On Thursday, March 12, 2015 at 4:04:29 PM UTC-5, Aaron Mefford wrote:
Take a look at Apache Tika http://tika.apache.org/ http://www.google.com/url?q=http%3A%2F%2Ftika.apache.org%2F&sa=D&sntz=1&usg=AFQjCNFq7mCziZJJYGt9JOe_w89GwPFWng. It will allow you to extract the contents of the documents for indexing, this is outside of the scope of the Elasticsearch indexing. A good tool to make these files downloadable is also out of scope, but I'll answer to what is in scope. You need to put the files some where that they can be accessed by a URL. Any webserver is capable of this, of course your needs may very but this isnt the list for those questions. Once you have a URL that the document can be accessed by, include that in your indexing of the document so that you can point to that URL in your search results.

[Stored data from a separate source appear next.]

text \<open>Properties of the discount factor \<open>B\<^sub>t\<close>: it is \<open>F\<^sub>t\<close>-measurable (the rates
  are predictable), at least \<open>1\<close> (the rates are nonnegative) and bounded.\<close>
lemma disc_measurable: "t \<le> T \<Longrightarrow> disc r t \<in> borel_measurable (F t)"
proof -
  assume tT: "t \<le> T"
  have "r k \<in> borel_measurable (F t)" if "k \<in> {1..t}" for k
  proof -
    have "r k \<in> borel_measurable (F (k - 1))" using r_pred that tT by auto
    moreover have "k - 1 \<le> t" using that by auto
    ultimately show ?thesis using measurable_from_subalg[OF subalg_mono[OF _ tT]] by blast
  qed
  then show ?thesis unfolding disc_def[abs_def] by measurable
qed

lemma disc_bounds:
  obtains C where "AE x in M. \<forall>t\<le>T. 1 \<le> disc r t x \<and> disc r t x \<le> C"
proof -
  obtain C0 where C0: "\<forall>t\<in>{1..T}. AE x in M. \<bar>r t x\<bar> \<le> C0" using r_bdd by blast
  have "AE x in M. \<forall>k\<in>{1..T}. 0 \<le> r k x \<and> r k x \<le> C0"
  proof (rule AE_finite_allI)
    fix k assume k: "k \<in> {1..T}"
    show "AE x in M. 0 \<le> r k x \<and> r k x \<le> C0"
      using C0[rule_format, OF k] r_nonneg[rule_format, OF k] by eventually_elim auto
  qed simp
  then have "AE x in M. \<forall>t\<le>T. 1 \<le> disc r t x \<and> disc r t x \<le> (1 + C0) ^ T"
  proof (rule eventually_mono, intro allI impI conjI)
    fix x t assume r: "\<forall>k\<in>{1..T}. 0 \<le> r k x \<and> r k x \<le> C0" and "t \<le> T"
    then show "1 \<le> disc r t x" unfolding disc_def by (intro prod_ge_1) auto
    have "disc r t x \<le> (\<Prod>k\<in>{1..t}. 1 + C0)"
      unfolding disc_def using r \<open>t \<le> T\<close> by (intro prod_mono) auto
    also have "\<dots> \<le> (1 + C0) ^ T"
    proof -
      have "0 \<le> C0" using r T_pos by (metis atLeastAtMost_iff order.refl order.trans)
      then show ?thesis using \<open>t \<le> T\<close> by (simp add: power_increasing)
    qed
    finally show "disc r t x \<le> (1 + C0) ^ T" .
  qed
  then show ?thesis by (rule that)
qed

I am sure there are other options out there for extracting the contents of word documents, Apache Tika is one that is frequently used for this purpose though.

On Thu, Mar 12, 2015 at 2:56 PM, Austin Harmon <aharm...@gmail.com <>> wrote:
Okay so I have a large amount of data 2 TB and its all microsoft office documents and pdfs and emails. What is the best way to go about indexing the body of these documents so making the contents of the document searchable. I tried to use the php client but that isn't helping and I know there are ways to convert files in php but is there nothing available that takes in these types of documents? I tried the file_get_contents function in php but it only takes in text documents. Also would you know of a good tool or a method to make the files that are searched downloadable?

Thanks,
Austin

On Thursday, March 12, 2015 at 12:26:13 PM UTC-5, aa...@definemg.com <> wrote:
Yes you need to include all the text you want indexed and searchable as part of the JSON.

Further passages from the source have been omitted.